WO2010090645A1

WO2010090645A1 - A new generation of fluorescent microbead cellular surrogate standards

Info

Publication number: WO2010090645A1
Application number: PCT/US2009/033519
Authority: WO
Inventors: Abraham Schwartz
Original assignee: Abraham Schwartz
Priority date: 2009-02-09
Filing date: 2009-02-09
Publication date: 2010-08-12

Abstract

A method of producing microbead populations that mimics the fluorescence intensity profile distribution of fluorescent biological cells so that they may be used a standard for flow cytometry.

Description

A NEW GENERATION OF FLUORESCENT MICROBEAD CELLULAR SURROGATE STANDARDS

INVENTOR

Abraham Schwartz, San Juan, Puerto Rico

FIELD OF THE INVENTION

The present invention relates to microbead populations, and more particularly to a method of producing microbead populations that mimic the fluorescence intensity profile distribution of fluorescent biological cells so that they may be used as a standard for flow cytometry.

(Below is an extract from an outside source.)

(* Let $m\ge2$, $n\ge1$, $f_i:\mathbb{R}^n\to\mathbb{R}$ ($i=1,\dots,m$) smooth, $\mathbf{r}\in\mathbb{R}^n$, and $\mathcal{G}$ an undirected graph on $\{1,\dots,m\}$ with Laplacian $\mathbf{L}$. Assume each $f_i$ has $L^g_{f_i}$-Lipschitz gradient and $L^H_{f_i}$-Lipschitz Hessian, each $f_i$ is coercive, and $\mathcal{G}$ is connected. Let $L_F^g=\max_iL^g_{f_i}$. Let $\boldsymbol\theta^0\in\mathbb{R}^{mn}$ satisfy $(\mathbf{1}_m^\top\otimes\mathbf{I}_n)\boldsymbol\theta^0=\mathbf{r}$. Then for any fixed step-size $0<\alpha\le\frac{1}{\|\sqrt{\mathbf{L}}\|^2L_F^g}$, the sequence generated by $\boldsymbol\theta^{k+1}=\boldsymbol\theta^k-\alpha\hat{\mathbf{L}}\nabla F(\boldsymbol\theta^k)$ satisfies $(\mathbf{1}_m^\top\otimes\mathbf{I}_n)\boldsymbol\theta^k=\mathbf{r}$ for all $k\ge0$ and $$\lim_{k\to\infty}\|\sqrt{\hat{\mathbf{L}}}\,\nabla F(\boldsymbol\theta^k)\|=0.$$
   Context: $\boldsymbol\theta=[\boldsymbol\theta_1^\top,\dots,\boldsymbol\theta_m^\top]^\top\in\mathbb{R}^{mn}$, $F(\boldsymbol\theta)=\sum_i f_i(\boldsymbol\theta_i)$, $\nabla F$ the stacked gradient. $\sqrt{\mathbf{L}}$ is the unique symmetric positive semidefinite square root of $\mathbf{L}$; $\hat{\mathbf{L}}=\mathbf{L}\otimes\mathbf{I}_n$, $\sqrt{\hat{\mathbf{L}}}=\sqrt{\mathbf{L}}\otimes\mathbf{I}_n$; $\|\cdot\|$ on matrices is the spectral norm. *)

theory Defs
  imports "HOL-Analysis.Analysis"
begin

BACKGROUND OF THE INVENTION

Microbeads have been used as surrogate cell standards in various biological fields for many years. This is especially true since highly uniform microbeads, in the 2 - 15 micron diameter range, have been first produced by John Ugelstad. As a particle surrogate, polymeric microbeads have high physical stability, as well as the ability to be labeled with the same fluorochromes and dyes as used to label biological cells. Moreover, a great deal of work has been addressed to make microbeads useful as fluorescent particle reference and quantitative standards. When labeled with such fluorochromes and dyes, these microbeads exhibit many of characteristics as labeled biological cells, as determined by instrumentation of at least one of flow cytometry. Specifically, fluorochrome labeled microbeads appear to have similar forward and side light scatter properties, as well as similar spectral and intensity fluorescent properties as biological cells. However, the fluorescence intensity distribution profile of microbeads and biological cells labeled with the same fluorochrome can appear vastly different. For example human lymphocytes labeled with a fluorescently conjugated CD8 antibody, has a fluorescence intensity distribution, as shown in FIG 1. This distribution is really the combined response of CD8 suppressor cells, the tall intense population on the right end of the distribution, and CD8 cyto-toxic cells, the low widely spread population to the left of the CD8 suppressor cells.

Much effort in the manufacture of microbeads is focused on producing highly uniform physical properties, of at least one of size, volume and fluorescence intensity. Such populations are highly sort after for use as size and fluorescence standards in fields of at least one of flow cytometry and fluorescence microscopy. Normally, these methods of production ensure that fluorochromes or dyes are taken up by the microbeads in a highly uniform fashion resulting in a very tight fluorescence intensity distribution, as shown in FIG.2.

However, it stands to reason that, the closer the standards mimic analyte being measured, the better the instrument performance can be evaluated to measure the analyte. An example to illustrate this may be found when counting CD8 labeled lymphocytes. If a fluorescent population of microbeads with the usual tight intensity distribution is used as the count standard, the standard is only determining the ability of the instrument to detect and count events in a narrow range of the intensity scale, as shown in FIG.2. However, as seen in FIG. 1, the intensity distribution of CD8 labeled lymphocytes cover a wide non-uniform intensity range. Although highly uniform intensity microbeads have served the biology and medical communities as cellular surrogates and standards well for a long time, the ability of microbeads that more closely resemble the intensity distributions of biological cells would be very welcome to these communities.

SUMMARY OF THE INVENTION

The present invention solves this need by providing a method to manipulate a population of microbeads labeled with a fluorescent material or optical dye so that it mimics the fluorescent intensity distribution of a biological cell population labeled with the same fluorescent material or dye. This may be accomplished by a number of ways which include, but are not limited to at least one of: 1) mixing microbead populations of different intensities and uniformities, 2) manipulating the method of addition of the fluorescent material or 3) performing precision photo bleaching of a uniform population of microbeads.

To achieve the foregoing and other advantages, the present invention, briefly described, provides method to manipulate a population of microbeads labeled with a fluorescent material or dye so that it mimics the fluorescent intensity distribution of a biological cell population labeled with the same fluorescent material or optical dye, by mixing different uniform populations of microbeads labeled with a fluorescent material in specific proportions, the overall fluorescent intensity pattern of the mixture can result in the same intensity pattern of the a cell population of interest labeled with the same material.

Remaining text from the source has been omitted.